March 29, 2014

Gilman: tell you what I think of you

After the turn of the century, Charlotte Perkins Gilman began producing her own monthly magazine in New York, The Forerunner, which she wrote and edited single-handedly. Although it did well considering it was a one-person production, she often sought to republish her work in periodicals with broader circulation. Such was the case with her story "An Unwilling Interview," first published in The Forerunner in April 1912 and republished in the Woman's Journal (published by Alice Stone Blackwell) on March 29, 1913.

The story features a woman named Ellen Carlyle who has come from rural Idaho to visit her sister, now Mrs. Johnson and living in the big city. But all is not well in the Johnson household. Ellen's newly married nephew Worth Johnson has been the subject of a public scandal. It turns out, the local newspaper publisher is a rival of the elder Mr. Johnson, a reported millionaire, and this rival has created the controversy out of spite. Though Mrs. Johnson acknowledges the publisher's lackey reporters are not directly to blame, her sister notes that they still  should be held responsible.
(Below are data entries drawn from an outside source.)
(* Let $m\ge1$ and $0\le r<q-1$. Then there exists a codeword $\mathbf{c}\in RM_q(r,m)$ such that $w_1(\mathbf{c})=d_1(RM_q(r,m))$ and $\chi_1(\mathbf{c})$ is a successive subset of $\mathbb{Z}_{q^m}$ with $1\notin\chi_1(\mathbf{c})$ unless $\chi_1(\mathbf{c})=\mathbb{Z}_{q^m}$.
   Context: Fix an enumeration $\mathbb{F}_q=\{\alpha_1=0,\alpha_2,\dots,\alpha_q\}$ and order $\mathbb{F}_q$ by $\alpha_1<\dots<\alpha_q$; order $\mathbb{F}_q^m$ lexicographically as $P_1<\dots<P_{q^m}$. $RM_q(r,m)=\{(f(P_1),\dots,f(P_{q^m})) : f\in\mathbb{F}_q[X_1,\dots,X_m],\ \deg f\le r\}$. $\mathbb{Z}_L=\{1,\dots,L\}$ with indices cyclic mod $L$. $\chi_1(\mathbf{c})$ is the Hamming support of $\mathbf{c}$ and $w_1$ the Hamming weight. For $J\subseteq\mathbb{Z}_L$, a hole of $J$ of size $h\ge1$ is a set $\{a+1,\dots,a+h\}\subseteq\mathbb{Z}_L\setminus J$ (indices mod $L$) with $a,a+h+1\in J$; $J$ is a successive subset if it has at most one hole. *)

theory Defs
  imports Main "HOL-Library.Cardinality"
begin

text \<open>Positions are 1-indexed: Z_L = {1..L}. Cyclic reduction of an index into {1..L}.\<close>
definition cyc :: "nat \<Rightarrow> nat \<Rightarrow> nat" where
  "cyc L i = ((i + L - 1) mod L) + 1"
Aunt Ellen visits the home of her nephew and his wife, an innocent and pretty young shopgirl. While her husband is at work, she has locked herself in her apartment to fend off reporters and photographers, including some who try to trick her. She made the mistake of giving a few quotes, without knowing she was being interviewed, and the publisher has twisted those words into scandal. While Aunt Ellen chats with the bride, a dedicated reporter breaks in through a door using a knife. It turns out to be the same reporter that had tricked her into giving him quotes. Without skipping a beat, he notes the newspaper he represents, and begins his questioning.

Aunt Ellen hardly hesitates before forcing the man into a chair and tying him down. She gives the surprised reporter a stern lecture on the harm he has caused. She says:

"In your original interview with her, by using her innocence and inexperience to gather material from, she herself is made to strike a blow at her husband’s happiness—a refinement of cruelty not used by the Apaches. They torture men and also women, but they do not use the woman to torture the man with. Your master does. In order to accomplish this purpose all common decency must be ignored, all privacy, all delicacy, all respect for personal freedom. This little bride is a prisoner on account of the staring cameras that wait outside. She can not rest because of the noise of her assailants."

Aunt Ellen notes that, though there is no law preventing his behavior, what this reporter and others have done is more than criminal. He begins to blush as he realizes the truth. "Cruel, isn’t it?" she asks, "To tie you up—helpless—and tell you what I think of you." Once the reporter learns his lesson, Aunt Ellen lets him go.

The story, with two "unwilling interviews," was aimed at the journalism style of people like William Randolph Hearst, who stopped at nothing for sensational stories. Gilman, in creating her own independent newspaper, had been striking against the Hearst system and its influence. Due to financial concerns, however, she eventually ceased publishing The Forerunner in 1916.

*I learned much about this independent journal by Gilman, including the date of the republication of "An Unwilling Interview," from Denise D. Knight's essay "Charlotte Perkins Gilman, William Randolph Hearst, and the Practice of Ethical Journalism," collected in Charlotte Perkins Gilman and Her Contemporaries: Literary and Intellectual Contexts (University of Alabama Press, 2004).